Closed sents closed 1 year ago

sents commented 1 year ago

I see that v4 dropped the LRU cache. I thought caching was a good strategy to reduce the number of allocations in algorithms where Tensor sizes are not known beforehand.

Is there a particular reason why this feature has been removed?

PS: I really appreciate the work on TensorOperations, it is a lot of help in my work :)

lkdvos commented 1 year ago

I think one of the main reasons we removed this feature from the default TensorOperations installation is that we were unhappy about the interplay with multi-threaded environments. While for small tests this is hard to spot, in real-world larger applications (MPSKit.jl) we noticed that often the cache just filled up and took up most of the available memory and processes got killed because of this. This was mainly because the key for the cache had to include the task-id, and Julia seems to spawn quite a lot of these.

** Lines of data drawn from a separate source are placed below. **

(* Let $g>0$, $H>0$, $l\in(0,1)$, $u_1,u_2\in\mathbb{R}$, and let $u\in\{u_1,u_2\}$. Define $$M=\begin{pmatrix}1&0&0\\-u&1&0\\-u&0&1\end{pmatrix},\qquad A=\begin{pmatrix}0&l&1-l\\ gH-u_1^2&2u_1-u&0\\ gH-u_2^2&0&2u_2-u\end{pmatrix}.$$ Then $M^{-1}A$ has three distinct real eigenvalues (equivalently, $x\mapsto\det(A-xM)$ has three distinct real roots). Consequently the two-layer system below, written in the quasilinear form $M(X)\partial_t X+A(X)\partial_x X=S(X)$ with $X=(H,q_1,q_2)^T$, $q_i=Hu_i$, is strictly hyperbolic whenever $H>0$.
   Context: The two-layer multilayer Saint-Venant system with mass exchange (layer thicknesses $h_1=lH$, $h_2=(1-l)H$, $l\in(0,1)$ fixed) reads $$\partial_t H+l\,\partial_x(Hu_1)+(1-l)\,\partial_x(Hu_2)=0,$$ $$\partial_t(Hu_1)+\partial_x(Hu_1^2)+\tfrac g2\partial_x(H^2)=-gH\partial_x z_b+u\big(\partial_t H+\partial_x(Hu_1)\big)-H\partial_x p^a+\tfrac{2\nu}{lH}(u_2-u_1)-\tilde\kappa\,u_1,$$ $$\partial_t(Hu_2)+\partial_x(Hu_2^2)+\tfrac g2\partial_x(H^2)=-gH\partial_x z_b+u\big(\partial_t H+\partial_x(Hu_2)\big)-\tfrac{2\nu}{(1-l)H}(u_2-u_1)-H\partial_x p^a,$$ where $H$ is the total water height, $u_1,u_2$ the layer velocities, $z_b$ the bottom, $p^a$ the atmospheric pressure, $\nu,\tilde\kappa\ge0$ viscosity and friction coefficients, and $u=u_{3/2}$ is the interface velocity, which is taken equal to $u_1$ or $u_2$ by upwinding according to the sign of the mass exchange between the layers. The source terms (not involving derivatives of the unknowns) form $S(X)$. *)

theory Defs
  imports "HOL-Analysis.Analysis"
begin

definition is_eigenvalue :: "real^'n^'n \<Rightarrow> real \<Rightarrow> bool" where
  "is_eigenvalue B c \<longleftrightarrow> (\<exists>v::real^'n. v \<noteq> 0 \<and> B *v v = c *\<^sub>R v)"

definition Mmat :: "real \<Rightarrow> real^3^3" where
  "Mmat u = vector [vector [1, 0, 0], vector [-u, 1, 0], vector [-u, 0, 1]]"

definition Amat :: "real \<Rightarrow> real \<Rightarrow> real \<Rightarrow> real \<Rightarrow> real \<Rightarrow> real \<Rightarrow> real^3^3" where
  "Amat g H l u1 u2 u = vector [vector [0, l, 1 - l],
                               vector [g*H - u1^2, 2*u1 - u, 0],
                               vector [g*H - u2^2, 0, 2*u2 - u]]"

end

theory Submission
  imports Defs
begin

text \<open>
  Writing \<open>y = c - u\<close> for the eigenvalue relative to the interface velocity, \<open>det (A - c M)\<close>
  is a cubic in \<open>y\<close> with leading coefficient \<open>-1\<close>, namely
  \<open>\<lambda> (2d - y)(y\<^sup>2 - gH) + (1 - \<lambda>) y (gH - (y - d)\<^sup>2)\<close>, where \<open>d\<close> is the velocity of
  the other layer relative to \<open>u\<close>. For \<open>d > 0\<close> it is positive at \<open>-\<surd>(gH)\<close>, negative
  at \<open>0\<close>, positive at \<open>\<surd>(gH)\<close> or \<open>d + \<surd>(gH)\<close>, and negative at \<open>2d + 2\<surd>(gH)\<close>, so the
  intermediate value theorem gives three distinct real roots; \<open>d < 0\<close> follows by the symmetry
  \<open>(d, y) \<mapsto> (-d, -y)\<close>.
\<close>

lemma matrix_inv_left:
  fixes M :: "'a::semiring_1^'n^'n"
  assumes "invertible M"
  shows "matrix_inv M ** M = mat 1"
  using someI_ex[OF assms[unfolded invertible_def]] unfolding matrix_inv_def by blast

lemma is_eigenvalue_matrix_inv_mult:
  fixes A M :: "real^'n^'n"
  assumes "invertible M" and "det (A - c *\<^sub>R M) = 0"
  shows "is_eigenvalue (matrix_inv M ** A) c"
proof -
  have "\<not> invertible (A - c *\<^sub>R M)"
    using assms(2) by (simp add: invertible_det_nz)
  then obtain v where v: "v \<noteq> 0" "(A - c *\<^sub>R M) *v v = 0"
    unfolding invertible_left_inverse matrix_left_invertible_ker by blast
  have "(A - c *\<^sub>R M) *v v = A *v v - c *\<^sub>R (M *v v)"
    by (simp only: matrix_vector_mult_diff_rdistrib scaleR_matrix_vector_assoc)
  with v(2) have "A *v v = c *\<^sub>R (M *v v)"
    by simp
  then have "(matrix_inv M ** A) *v v = c *\<^sub>R ((matrix_inv M ** M) *v v)"
    by (simp add: matrix_vector_mul_assoc[symmetric] matrix_vector_mult_scaleR)
  also have "\<dots> = c *\<^sub>R v"
    by (simp add: matrix_inv_left[OF assms(1)])
  finally have "(matrix_inv M ** A) *v v = c *\<^sub>R v" .
  with v(1) show ?thesis
    unfolding is_eigenvalue_def by blast
qed

lemma invertible_Mmat: "invertible (Mmat u)"
proof -
  have "vector [vector [1, 0, 0], vector [u, 1, 0], vector [u, 0, 1]] ** Mmat u = mat 1"
    by (simp add: Mmat_def vec_eq_iff forall_3 matrix_matrix_mult_def sum_3 mat_def)
  then show ?thesis using invertible_left_inverse by blast
qed

text \<open>\<open>layer_cubic \<lambda> G d y = det (A - c M)\<close> for \<open>G = gH\<close>, \<open>y = c - u\<close>, \<open>d\<close> the velocity of the
  other layer minus \<open>u\<close>, and \<open>\<lambda>\<close> the thickness fraction of the layer moving with velocity \<open>u\<close>.\<close>
definition layer_cubic :: "real \<Rightarrow> real \<Rightarrow> real \<Rightarrow> real \<Rightarrow> real" where
  "layer_cubic lam G d y = - (y^3) + 2*d*y^2 + (G - (1-lam)*d^2)*y - 2*d*lam*G"

lemma det_pencil_Mmat_u1:
  "det (Amat g H l u1 u2 u1 - c *\<^sub>R Mmat u1) = layer_cubic l (g*H) (u2 - u1) (c - u1)"
  by (simp add: det_3 Amat_def Mmat_def layer_cubic_def)
    (simp add: algebra_simps power2_eq_square power3_eq_cube)

lemma det_pencil_Mmat_u2:
  "det (Amat g H l u1 u2 u2 - c *\<^sub>R Mmat u2) = layer_cubic (1-l) (g*H) (u1 - u2) (c - u2)"
  by (simp add: det_3 Amat_def Mmat_def layer_cubic_def)
    (simp add: algebra_simps power2_eq_square power3_eq_cube)

lemma IVT_strict_sign_change:
  fixes f :: "real \<Rightarrow> real"
  assumes "a < b" and "f a * f b < 0" and "\<And>x. isCont f x"
  shows "\<exists>y. a < y \<and> y < b \<and> f y = 0"
proof -
  have "\<exists>y. a \<le> y \<and> y \<le> b \<and> f y = 0"
  proof (cases "f a < 0")
    case True
    with assms(2) have "f b > 0" by (simp add: mult_less_0_iff)
    with True show ?thesis using IVT[of f a 0 b] assms(1,3) by auto
  next
    case False
    with assms(2) have "f a > 0" "f b < 0" by (auto simp: mult_less_0_iff)
    then show ?thesis using IVT2[of f b 0 a] assms(1,3) by auto
  qed
  moreover have "f a \<noteq> 0" "f b \<noteq> 0" using assms(2) by auto
  ultimately show ?thesis by (metis order_le_less)
qed

lemma isCont_layer_cubic: "isCont (layer_cubic lam G d) y"
  unfolding layer_cubic_def by (intro continuous_intros)

lemma layer_cubic_uminus: "layer_cubic lam G (- d) (- y) = - layer_cubic lam G d y"
  unfolding layer_cubic_def by (simp add: algebra_simps power2_eq_square power3_eq_cube)

lemma layer_cubic_three_roots_pos:
  assumes "0 < lam" "lam < 1" "s > 0" "d > 0"
  shows "\<exists>y1 y2 y3. y1 < y2 \<and> y2 < y3 \<and> layer_cubic lam (s^2) d y1 = 0
           \<and> layer_cubic lam (s^2) d y2 = 0 \<and> layer_cubic lam (s^2) d y3 = 0"
proof -
  let ?p = "layer_cubic lam (s^2) d"
  have root: "\<exists>y. a < y \<and> y < b \<and> ?p y = 0" if "a < b" "?p a * ?p b < 0" for a b
    using IVT_strict_sign_change[OF that isCont_layer_cubic] .
  have "?p (- s) = (1 - lam) * (s * d * (2 * s + d))"
    by (simp add: layer_cubic_def algebra_simps power2_eq_square power3_eq_cube)
  then have pos_minus_s: "?p (- s) > 0"
    using assms by simp
  have neg_0: "?p 0 < 0"
    using assms by (simp add: layer_cubic_def)
  obtain q where "0 < q" "q < 2 * d + 2 * s" and pos_q: "?p q > 0"
  proof (cases "d < 2 * s")
    case True
    have "?p s = (1 - lam) * (s * d * (2 * s - d))"
      by (simp add: layer_cubic_def algebra_simps power2_eq_square power3_eq_cube)
    with True assms show ?thesis by (intro that[of s]) simp_all
  next
    case False
    have "?p (d + s) = lam * ((d - s) * d * (d + 2 * s))"
      by (simp add: layer_cubic_def algebra_simps power2_eq_square power3_eq_cube)
    with False assms show ?thesis by (intro that[of "d + s"]) simp_all
  qed
  have "?p (2 * d + 2 * s) = - (lam * (2 * s) * ((2 * d + 3 * s) * (2 * d + s)))
      - (1 - lam) * (2 * d + 2 * s) * ((d + 3 * s) * (d + s))"
    by (simp add: layer_cubic_def algebra_simps power2_eq_square power3_eq_cube)
  moreover have "lam * (2 * s) * ((2 * d + 3 * s) * (2 * d + s)) > 0"
    and "(1 - lam) * (2 * d + 2 * s) * ((d + 3 * s) * (d + s)) > 0"
    using assms by simp_all
  ultimately have neg_far: "?p (2 * d + 2 * s) < 0"
    by linarith
  obtain y1 where "y1 < 0" "?p y1 = 0"
    using root[of "- s" 0] assms(3) pos_minus_s neg_0 mult_pos_neg by fastforce
  moreover obtain y2 where "0 < y2" "y2 < q" "?p y2 = 0"
    using root[of 0 q] \<open>0 < q\<close> neg_0 pos_q mult_neg_pos by blast
  moreover obtain y3 where "q < y3" "?p y3 = 0"
    using root[of q "2 * d + 2 * s"] \<open>q < 2 * d + 2 * s\<close> pos_q neg_far mult_pos_neg by blast
  ultimately show ?thesis
    by (intro exI[of _ y1] exI[of _ y2] exI[of _ y3]) simp
qed

lemma layer_cubic_three_roots:
  assumes "0 < lam" "lam < 1" "G > 0"
  shows "\<exists>y1 y2 y3. y1 < y2 \<and> y2 < y3 \<and> layer_cubic lam G d y1 = 0
           \<and> layer_cubic lam G d y2 = 0 \<and> layer_cubic lam G d y3 = 0"
proof -
  define s where "s = sqrt G"
  have "s > 0" and G: "G = s^2"
    using assms(3) by (simp_all add: s_def)
  consider "d > 0" | "d < 0" | "d = 0"
    by linarith
  then show ?thesis
  proof cases
    case 1
    then show ?thesis
      using layer_cubic_three_roots_pos[OF assms(1,2) \<open>s > 0\<close>] by (simp only: G)
  next
    case 2
    then have "0 < - d"
      by simp
    then obtain y1 y2 y3 where "y1 < y2" "y2 < y3" and roots: "layer_cubic lam G (- d) y1 = 0"
      "layer_cubic lam G (- d) y2 = 0" "layer_cubic lam G (- d) y3 = 0"
      using layer_cubic_three_roots_pos[OF assms(1,2) \<open>s > 0\<close>] unfolding G by blast
    have mirror: "layer_cubic lam G d (- y) = 0" if "layer_cubic lam G (- d) y = 0" for y
      using layer_cubic_uminus[of lam G d "- y"] that by simp
    show ?thesis
      using \<open>y1 < y2\<close> \<open>y2 < y3\<close> mirror[OF roots(3)] mirror[OF roots(2)] mirror[OF roots(1)]
      by (intro exI[of _ "- y3"] exI[of _ "- y2"] exI[of _ "- y1"]) simp
  next
    case 3
    have "layer_cubic lam G d y = y * (s - y) * (s + y)" for y
      by (simp add: 3 G layer_cubic_def algebra_simps power2_eq_square power3_eq_cube)
    then show ?thesis
      using \<open>s > 0\<close> by (intro exI[of _ "- s"] exI[of _ 0] exI[of _ s]) simp
  qed
qed

lemma three_eigenvalues_of_layer_pencil:
  fixes A M :: "real^'n^'n"
  assumes "invertible M" "0 < lam" "lam < 1" "G > 0"
    and det_pencil: "\<And>c. det (A - c *\<^sub>R M) = layer_cubic lam G d (c - w)"
  shows "\<exists>c1 c2 c3. c1 \<noteq> c2 \<and> c1 \<noteq> c3 \<and> c2 \<noteq> c3 \<and>
           is_eigenvalue (matrix_inv M ** A) c1 \<and>
           is_eigenvalue (matrix_inv M ** A) c2 \<and>
           is_eigenvalue (matrix_inv M ** A) c3"
proof -
  obtain y1 y2 y3 where y: "y1 < y2" "y2 < y3" "layer_cubic lam G d y1 = 0"
    "layer_cubic lam G d y2 = 0" "layer_cubic lam G d y3 = 0"
    using layer_cubic_three_roots[OF assms(2-4)] by blast
  have "is_eigenvalue (matrix_inv M ** A) (w + y)" if "layer_cubic lam G d y = 0" for y
    using is_eigenvalue_matrix_inv_mult[OF assms(1)] det_pencil[of "w + y"] that by simp
  with y show ?thesis
    by (intro exI[of _ "w + y1"] exI[of _ "w + y2"] exI[of _ "w + y3"]) simp
qed

theorem mainTheorem2:
  fixes g H l u1 u2 u :: real
  assumes "g > 0" and "H > 0" and "0 < l" and "l < 1"
    and "u = u1 \<or> u = u2"
  shows "\<exists>c1 c2 c3. c1 \<noteq> c2 \<and> c1 \<noteq> c3 \<and> c2 \<noteq> c3 \<and>
           is_eigenvalue (matrix_inv (Mmat u) ** Amat g H l u1 u2 u) c1 \<and>
           is_eigenvalue (matrix_inv (Mmat u) ** Amat g H l u1 u2 u) c2 \<and>
           is_eigenvalue (matrix_inv (Mmat u) ** Amat g H l u1 u2 u) c3"
proof -
  have "g * H > 0" using assms(1,2) by simp
  from assms(5) show ?thesis
  proof
    assume "u = u1"
    then show ?thesis
      using three_eigenvalues_of_layer_pencil[OF invertible_Mmat assms(3,4) \<open>g * H > 0\<close>]
        det_pencil_Mmat_u1 by blast
  next
    assume "u = u2"
    have "0 < 1 - l" "1 - l < 1" using assms(3,4) by simp_all
    with \<open>u = u2\<close> show ?thesis
      using three_eigenvalues_of_layer_pencil[OF invertible_Mmat _ _ \<open>g * H > 0\<close>]
        det_pencil_Mmat_u2 by blast
  qed
qed

end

Nevertheless, caching can be a good strategy to reduce the number of allocations, and we have kept this in mind with this rewrite. The updated documentation should lay out the allocation procedure that we now choose, which has explicit calls to tensoralloc and tensorfree!, thus allowing a Backend system to implement a cache, but there are many different strategies there and we have not yet experimented to find the best one.

So, TL;DR, while removed as a default, users can now more easily implement there own caching strategy, either via LRU, Recycler, or any other custom backend.

Jutho commented 1 year ago

In addition to the response of Lukas, I'd like to add that we came to the conclusion that, in typical use cases (at least typical to us, i.e. tensor network algorithms) there are various other places where temporaries are created. As such, a solution to cache or otherwise reduce the allocation cost of a these temporaries should be more general, probably to be developed in a standalone package. The cache in the older TensorOperations versions also did not offer much control as to when to release the cached objects, other than setting the maximum size and relying on the LRU mechanism.

Also, it seems other communities are facing similar issues, so hopefully a more general global solution will be developed, either in a package (e.g. Recyclers.jl ) or in the Julia language itself.

I think an ideal solution would be that a user/developer is able to mark a particular section of code, e.g. a particular hot loop, such that all temporaries (possibly created with a special allocate call, and also manually released with a free cal) within that section of code are cached or otherwise recycled using some buffer, which is then released completely when that piece of code is finished.

We hope that the current interface of TensorOperations v4, and the way the macro is parsed, is sufficiently general to allow an easy adoption of such future developments.

sents commented 1 year ago

Thank you a lot for your answers. I ran into the same problem of needing to cache other things but TensorOperation calls but I just reused the TensorOperations cache for that. It makes sense to decouple caching and I'm satisfied understanding that tensoralloc and tensorfree! are meant as interfaces to implement an allocation strategy that fits the need of the problem.